In case you want to understand more on MOB (Moderate Object Storage), you may refer to this issue. Basically, hbase was first introduced with capability of storing mainly small objects (<100k). Moderate objects stand for files from 100k to 10m.

Recently, there is a blog introducing the new compaction policy for MOB files. The problem with the initial approach is multiple compaction. For instance, the goal is to compact the objects created in one calendar day into one big file. The compaction process starts after the first hour. The objects created in the first hour are compacted into a temporal file. Then, the objects created in the second hour, and the temporal file created for the first hour are compacted into a new temporal file…

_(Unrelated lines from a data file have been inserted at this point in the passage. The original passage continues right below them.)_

(* Let $\mathbf{y}$ be observed data with summary statistic vector $s(\mathbf{y})\in\mathbb{R}^\kappa$, and let $(\theta^i,\mathbf{x}^{i*})$, $i=1,\dots,N$, be parameter samples paired with simulated pseudo-data having summary statistics $s(\mathbf{x}^{i*})\in\mathbb{R}^\kappa$. For a weight vector $\mathbf{w}\in E\subset\mathbb{R}^\kappa$, define the weighted distance $d_{\mathbf{w}}(s(\mathbf{x}),s(\mathbf{y}))=\sum_{i=1}^\kappa w_i^2(s_i(\mathbf{x})-s_i(\mathbf{y}))^2$, and let $Y^{(\mathbf{w})}_{1:n}$ be the parameter samples $\theta^i$ corresponding to the $n=M=\lfloor\alpha N\rfloor$ pseudo-data sets closest to $\mathbf{y}$ under $d_{\mathbf{w}}$. Let $X_{1:n}$ be a fixed sample (from the prior). Then $L(\mathbf{w})=\hat{D}_h(X_{1:n}\|Y^{(\mathbf{w})}_{1:n})$ is piecewise constant with respect to $\mathbf{w}\in E$, with finitely many discontinuities.
   Context: For samples $X_{1:n},Y_{1:n}$ in $\mathbb{R}^d$ and an integer $k\ge 2$, let $\rho_k(i)$ be the Euclidean distance from $X_i$ to its $k$th nearest neighbour in $X_{1:n}$ (excluding itself) and $\nu_k(i)$ the distance from $X_i$ to its $k$th nearest neighbour in $Y_{1:n}$. The estimator is $\hat D_{\alpha'}(X_{1:n}\|Y_{1:n})=\frac1n\sum_{i=1}^n\left(\frac{(n-1)\rho_k(i)}{n\nu_k(i)}\right)^{1-\alpha'}B_{k,\alpha'}$ with $B_{k,\alpha'}=\frac{\Gamma(k)^2}{\Gamma(k-\alpha'+1)\Gamma(k+\alpha'-1)}$, and $\hat D_h=1-\hat D_{1/2}$. Here $\alpha\in(0,1)$ is the ABC acceptance proportion. *)

theory Defs
  imports "HOL-Analysis.Analysis"
begin

text \<open>Distance from p to its k-th nearest neighbour among the points of the list Z
  (k >= 1; the k-th smallest of the distances, counted with multiplicity).\<close>
definition kth_nn_dist :: "('a::metric_space) list \<Rightarrow> 'a \<Rightarrow> nat \<Rightarrow> real" where
  "kth_nn_dist Z p k = sort (map (\<lambda>z. dist p z) Z) ! (k - 1)"

definition rho_k :: "(nat \<Rightarrow> 'a::metric_space) \<Rightarrow> nat \<Rightarrow> nat \<Rightarrow> nat \<Rightarrow> real" where
  "rho_k X n k i = kth_nn_dist (map X (filter (\<lambda>j. j \<noteq> i) [0..<n])) (X i) k"

definition nu_k :: "(nat \<Rightarrow> 'a::metric_space) \<Rightarrow> (nat \<Rightarrow> 'a) \<Rightarrow> nat \<Rightarrow> nat \<Rightarrow> nat \<Rightarrow> real" where
  "nu_k X Y n k i = kth_nn_dist (map Y [0..<n]) (X i) k"

definition B_const :: "nat \<Rightarrow> real \<Rightarrow> real" where
  "B_const k a = Gamma (real k) ^ 2 / (Gamma (real k - a + 1) * Gamma (real k + a - 1))"

definition D_alpha_hat :: "(nat \<Rightarrow> 'a::metric_space) \<Rightarrow> (nat \<Rightarrow> 'a) \<Rightarrow> nat \<Rightarrow> nat \<Rightarrow> real \<Rightarrow> real" where
  "D_alpha_hat X Y n k a =
     (1 / real n) * (\<Sum>i<n. ((real n - 1) * rho_k X n k i / (real n * nu_k X Y n k i)) powr (1 - a)
                            * B_const k a)"

definition D_h_hat :: "(nat \<Rightarrow> 'a::metric_space) \<Rightarrow> (nat \<Rightarrow> 'a) \<Rightarrow> nat \<Rightarrow> nat \<Rightarrow> real" where
  "D_h_hat X Y n k = 1 - D_alpha_hat X Y n k (1/2)"

definition wdist :: "real^'k \<Rightarrow> real^'k \<Rightarrow> real^'k \<Rightarrow> real" where
  "wdist w a b = (\<Sum>i\<in>UNIV. (w $ i)^2 * (a $ i - b $ i)^2)"

text \<open>Indices (among 0..N-1) of the n pseudo-data sets closest to the observed summary sy under d_w;
  ties broken by index (stable sort).\<close>
definition abc_selected :: "real^'k \<Rightarrow> (nat \<Rightarrow> real^'k) \<Rightarrow> real^'k \<Rightarrow> nat \<Rightarrow> nat \<Rightarrow> nat list" where
  "abc_selected w sx sy N n = take n (sort_key (\<lambda>i. wdist w (sx i) sy) [0..<N])"

definition Y_w :: "real^'k \<Rightarrow> (nat \<Rightarrow> 'a) \<Rightarrow> (nat \<Rightarrow> real^'k) \<Rightarrow> real^'k \<Rightarrow> nat \<Rightarrow> nat \<Rightarrow> nat \<Rightarrow> 'a" where
  "Y_w w theta sx sy N n j = theta (abc_selected w sx sy N n ! j)"

definition abc_loss :: "(nat \<Rightarrow> 'a::metric_space) \<Rightarrow> (nat \<Rightarrow> 'a) \<Rightarrow> (nat \<Rightarrow> real^'k) \<Rightarrow> real^'k
    \<Rightarrow> nat \<Rightarrow> nat \<Rightarrow> nat \<Rightarrow> real^'k \<Rightarrow> real" where
  "abc_loss X theta sx sy N n k w = D_h_hat X (Y_w w theta sx sy N n) n k"

end

theory Submission
  imports Defs
begin

text \<open>The accepted set depends on the weights only through the order of the weighted
  distances of the N pseudo-data sets to the observation. The difference of two such distances
  is a linear form in the squared weights, so off the finitely many hyperplanes where one of
  these forms vanishes the order, hence the accepted set, hence the loss, is locally constant;
  and since there are only finitely many candidate accepted sets the loss takes finitely many
  values.\<close>

lemma insort_key_cong:
  assumes "\<forall>y\<in>set xs. (f x \<le> f y) = (g x \<le> g y)"
  shows "insort_key f x xs = insort_key g x xs"
  using assms by (induction xs) auto

lemma sort_key_cong:
  assumes "\<forall>x\<in>set xs. \<forall>y\<in>set xs. (f x \<le> f y) = (g x \<le> g y)"
  shows "sort_key f xs = sort_key g xs"
  using assms
proof (induction xs)
  case Nil
  then show ?case by simp
next
  case (Cons a xs)
  then have "sort_key f xs = sort_key g xs" by simp
  moreover have "insort_key f a (sort_key g xs) = insort_key g a (sort_key g xs)"
    using Cons.prems by (intro insort_key_cong) auto
  ultimately show ?case by simp
qed

lemma eventually_nhds_le_iff_stable:
  fixes f g :: "'a::t2_space \<Rightarrow> real"
  assumes "continuous (at w) f" and "continuous (at w) g" and "f w \<noteq> g w"
  shows "eventually (\<lambda>x. (f x \<le> g x) = (f w \<le> g w)) (nhds w)"
proof -
  have lim: "((\<lambda>x. f x - g x) \<longlongrightarrow> f w - g w) (nhds w)"
    using assms(1,2) by (intro tendsto_intros) (simp_all add: continuous_at tendsto_nhds_iff)
  consider "f w - g w > 0" | "f w - g w < 0"
    using assms(3) by linarith
  then show ?thesis
  proof cases
    case 1
    from order_tendstoD(1)[OF lim 1] show ?thesis
      by eventually_elim (use 1 in auto)
  next
    case 2
    from order_tendstoD(2)[OF lim 2] show ?thesis
      by eventually_elim (use 2 in auto)
  qed
qed

lemma continuous_wdist: "continuous (at w) (\<lambda>w. wdist w a b)"
  unfolding wdist_def by (intro continuous_intros)

definition sq_dev_diff :: "real^'k \<Rightarrow> real^'k \<Rightarrow> real^'k \<Rightarrow> real^'k" where
  "sq_dev_diff a c b = (\<chi> l. (a $ l - b $ l)^2 - (c $ l - b $ l)^2)"

lemma wdist_diff_eq_sq_dev_diff:
  "wdist w a b - wdist w c b = (\<Sum>l\<in>UNIV. sq_dev_diff a c b $ l * (w $ l)^2)"
  unfolding wdist_def sq_dev_diff_def by (simp add: sum_subtractf[symmetric] algebra_simps)

lemma abc_loss_eq:
  "abc_loss X theta sx sy N n k w = D_h_hat X (\<lambda>j. theta (abc_selected w sx sy N n ! j)) n k"
  unfolding abc_loss_def Y_w_def ..

lemma abc_selected_mem_lists:
  "abc_selected w sx sy N n \<in> {l. set l \<subseteq> {0..<N} \<and> length l \<le> n}"
  unfolding abc_selected_def by (auto dest: in_set_takeD)

lemma finite_range_abc_loss: "finite (range (abc_loss X theta sx sy N n k))"
proof -
  let ?F = "\<lambda>l. D_h_hat X (\<lambda>j. theta (l ! j)) n k"
  have "range (abc_loss X theta sx sy N n k) \<subseteq> ?F ` {l. set l \<subseteq> {0..<N} \<and> length l \<le> n}"
    by (auto simp: abc_loss_eq intro: image_eqI[OF refl abc_selected_mem_lists])
  moreover have "finite {l. set l \<subseteq> {0..<N} \<and> length l \<le> n}"
    by (rule finite_lists_length_le) simp
  ultimately show ?thesis by (meson finite_imageI finite_subset)
qed

lemma eventually_abc_selected_eq:
  assumes "\<forall>i<N. \<forall>j<N. sq_dev_diff (sx i) (sx j) sy \<noteq> 0 \<longrightarrow>
             (\<Sum>l\<in>UNIV. sq_dev_diff (sx i) (sx j) sy $ l * (w $ l)^2) \<noteq> 0"
  shows "eventually (\<lambda>w'. abc_selected w' sx sy N n = abc_selected w sx sy N n) (nhds w)"
proof -
  let ?d = "\<lambda>i w. wdist w (sx i) sy"
  have "eventually (\<lambda>w'. (?d i w' \<le> ?d j w') = (?d i w \<le> ?d j w)) (nhds w)"
    if "i < N" "j < N" for i j
  proof (cases "sq_dev_diff (sx i) (sx j) sy = 0")
    case True
    then have "?d i w' = ?d j w'" for w'
      using wdist_diff_eq_sq_dev_diff[of w' "sx i" sy "sx j"] by simp
    then show ?thesis by simp
  next
    case False
    with assms that have "?d i w \<noteq> ?d j w"
      using wdist_diff_eq_sq_dev_diff[of w "sx i" sy "sx j"] by auto
    then show ?thesis
      by (intro eventually_nhds_le_iff_stable continuous_wdist)
  qed
  then have "eventually (\<lambda>w'. \<forall>i\<in>{0..<N}. \<forall>j\<in>{0..<N}.
      (?d i w' \<le> ?d j w') = (?d i w \<le> ?d j w)) (nhds w)"
    by (simp add: eventually_ball_finite)
  then show ?thesis
  proof eventually_elim
    case (elim w')
    then have "sort_key (\<lambda>i. ?d i w') [0..<N] = sort_key (\<lambda>i. ?d i w) [0..<N]"
      by (intro sort_key_cong) simp
    then show ?case unfolding abc_selected_def by simp
  qed
qed

theorem lemma4:
  fixes X theta :: "nat \<Rightarrow> real^'d"
    and sx :: "nat \<Rightarrow> real^'k" and sy :: "real^'k"
    and E :: "(real^'k) set"
    and N n k :: nat and alpha :: real
  assumes "0 < alpha" and "alpha < 1"
    and "n = nat \<lfloor>alpha * real N\<rfloor>"
    and "k \<ge> 2"
  shows "finite (abc_loss X theta sx sy N n k ` E) \<and>
    (\<exists>P :: (real^'k) set. finite P \<and> (\<forall>c\<in>P. c \<noteq> 0) \<and>
       (\<forall>w\<in>E. (\<forall>c\<in>P. (\<Sum>i\<in>UNIV. c $ i * (w $ i)^2) \<noteq> 0) \<longrightarrow>
          (\<exists>e>0. \<forall>w'\<in>E. dist w' w < e \<longrightarrow>
              abc_loss X theta sx sy N n k w' = abc_loss X theta sx sy N n k w)))"
proof
  show "finite (abc_loss X theta sx sy N n k ` E)"
    using finite_range_abc_loss by (rule finite_subset[rotated]) auto
  define P where "P = {sq_dev_diff (sx i) (sx j) sy | i j. i < N \<and> j < N} - {0}"
  have "finite P"
    unfolding P_def by (intro finite_Diff finite_image_set2) simp_all
  moreover have "\<exists>e>0. \<forall>w'\<in>E. dist w' w < e \<longrightarrow>
      abc_loss X theta sx sy N n k w' = abc_loss X theta sx sy N n k w"
    if "\<forall>c\<in>P. (\<Sum>i\<in>UNIV. c $ i * (w $ i)^2) \<noteq> 0" for w
  proof -
    have "eventually (\<lambda>w'. abc_selected w' sx sy N n = abc_selected w sx sy N n) (nhds w)"
      using that by (intro eventually_abc_selected_eq) (auto simp: P_def)
    then obtain e where "e > 0"
      and "\<And>w'. dist w' w < e \<Longrightarrow> abc_selected w' sx sy N n = abc_selected w sx sy N n"
      unfolding eventually_nhds_metric by blast
    then show ?thesis
      by (metis abc_loss_eq)
  qed
  ultimately show "\<exists>P :: (real^'k) set. finite P \<and> (\<forall>c\<in>P. c \<noteq> 0) \<and>
       (\<forall>w\<in>E. (\<forall>c\<in>P. (\<Sum>i\<in>UNIV. c $ i * (w $ i)^2) \<noteq> 0) \<longrightarrow>
          (\<exists>e>0. \<forall>w'\<in>E. dist w' w < e \<longrightarrow>
              abc_loss X theta sx sy N n k w' = abc_loss X theta sx sy N n k w))"
    by (intro exI[of _ P]) (simp add: P_def)
qed

end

In this way, finally, all objects created in one day is compacted into one file. However, the objects in the first hour is compacted quite a few of times, wasting IO. The new method is based on partition. For instance, we may compact the objects in each hour of day, which is the first stage. Then, the temporal files in each hour are compacted into the final file, which is the second stage. This saves a lot of IO in comparison with the initial approach. Actually, this improvement is quite straightforward.

What I found really insightful is about the compaction partitioned by the created time. Note that the creation time of each object is never changed during its life time. Therefore, suppose a set of objects is compacted into a big file which say contains objects between 2017-08-23 ~ 2017-08-24. After a while, some objects in that set may be deleted (with tombstone in hbase), or replaced with newer versioned metadata. However can we remove these objects physically? The answer is easy. We search for all objects created between 2017-08-23 ~ 2017-08-24, which should result in a subset of the original set of objects. We then extract the remain objects into a new big file, and delete the old big file. There are two other essential points to achieve the clear process described above: (1) the metadata should be 1:1 mapping with the objects. In other words, there should be no more than 1 metadata pointing to the same object. (2) the creation time and the pointer to file should be always updated atomically.